Law School Case Brief
Gilson v. State - 2000 OK CR 14, 8 P.3d 883
The language of the statute, setting forth alternative means of committing the crime of child abuse murder, makes it analogous to the crime of felony murder. Okla. Stat. tit. 21, § 701.7(B) (West 1991). A person commits felony murder when a death results from a defendant's commission of any of several specifically listed underlying felonies. In a felony murder prosecution, proof of the underlying felony is needed to prove the intent necessary for a felony murder conviction. Further, when a crime is charged in the alternative, with more than one felony charged as the underlying felony, a constitutionally unanimous verdict is required only with respect to the ultimate issue of a defendant's guilt or innocence of the crime charged, and not with respect to alternative means by which the crime is committed.
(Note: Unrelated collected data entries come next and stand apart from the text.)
lemma fundamental_cycle_in_cycles1: "(\<lambda>t. a * fundamental_cycle t) \<in> cycles cells bd 1"
proof -
  have "dmap cells bd 1 (\<lambda>t. a * fundamental_cycle t) t = 0" for t
  proof (cases "t \<in> cells 0")
    case True
    then obtain k where k: "k < n" "t = v k" using cells0 by auto
    have p: "(k + n - 1) mod n < n" using n_pos by simp
    show ?thesis
      using k dmap1_vertex[OF k(1)] fundamental_cycle_edge[OF k(1)] fundamental_cycle_edge[OF p]
        sg_square[OF k(1)] sg_square[OF p]
      by (simp add: mult.assoc)
  qed (simp add: dmap_def)
  then show ?thesis
    using fundamental_cycle_outside by (auto simp: cycles_def chains_def)
qed

lemma cycle1_eq_multiple:
  assumes w: "w \<in> cycles cells bd 1"
  shows "w = (\<lambda>t. (w (e 0) * sg 0) * fundamental_cycle t)"
proof
  define W where "W = (\<lambda>i. w (e i) * sg i)"
  have step: "W ((k + n - 1) mod n) = W k" if "k < n" for k
    using w dmap1_vertex[OF that, of w] unfolding cycles_def W_def
    by (auto dest: fun_cong[where x = "v k"])
  have const: "W k = W 0" if "k < n" for k
    using that
  proof (induction k)
    case (Suc k)
    have "(Suc k + n - 1) mod n = k" using Suc.prems by simp
    then show ?case using step[OF Suc.prems] Suc by simp
  qed simp
  fix t
  show "w t = w (e 0) * sg 0 * fundamental_cycle t"
  proof (cases "t \<in> cells 1")
    case True
    then obtain i where i: "i < n" "t = e i" using cells1 by auto
    have "w t = W i * sg i" using i sg_square[OF i(1)] by (simp add: W_def mult.assoc)
    then have "w t = W 0 * fundamental_cycle t" using const[OF i(1)] fundamental_cycle_edge[OF i(1)] i by simp
    then show ?thesis by (simp add: W_def)
  next
    case False
    then show ?thesis using w fundamental_cycle_outside by (auto simp: cycles_def chains_def)
  qed
qed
Skeletal remains of 8-year-old S.C. were found in an abandoned freezer located next to a mobile home formerly rented by Bertha Jean Coffman, S.C.'s mother. A subsequent search of the mobile home revealed a photograph of defendant, Donald Lee Gilson, who was Coffman's then-boyfriend. Gilson was later convicted in Oklahoma state court of first-degree murder, conspiracy to unlawfully remove a dead body, and unlawful removal of a dead body, as charged by the State. During the second trial stage, the jury found the existence of two aggravating circumstances, and recommended the death penalty. The trial court sentenced accordingly. On appeal, defendant raised 14 errors, including: unanimous verdict right violation, improper joinder of child abuse and murder counts, denial of fair trial by suggestive child witness interviews, improper defense witness exclusion based on attorney-client privilege waiver, evidence insufficiency for murder and child abuse, vagueness of first-degree murder by child abuse and child abuse statutes, the jury instruction violated ex post facto laws, appellee's statutory definition lowered the proof burden, failure to instruct on lesser included offenses, defective jury instructions based on failure to explain appellee's proof burden, the sentence violated federal and state constitutions, improper court analysis for a death sentence, which was disproportionate, evidence insufficiency and unconstitutionality of the two aggravating factors, ineffective counsel assistance, and error accumulation.
Were Gilson's convictions proper?
The court of criminal appeals found no error existed after reviewing each of Gilson's 14 assignments of error. The court affirmed the convictions and sentence of death.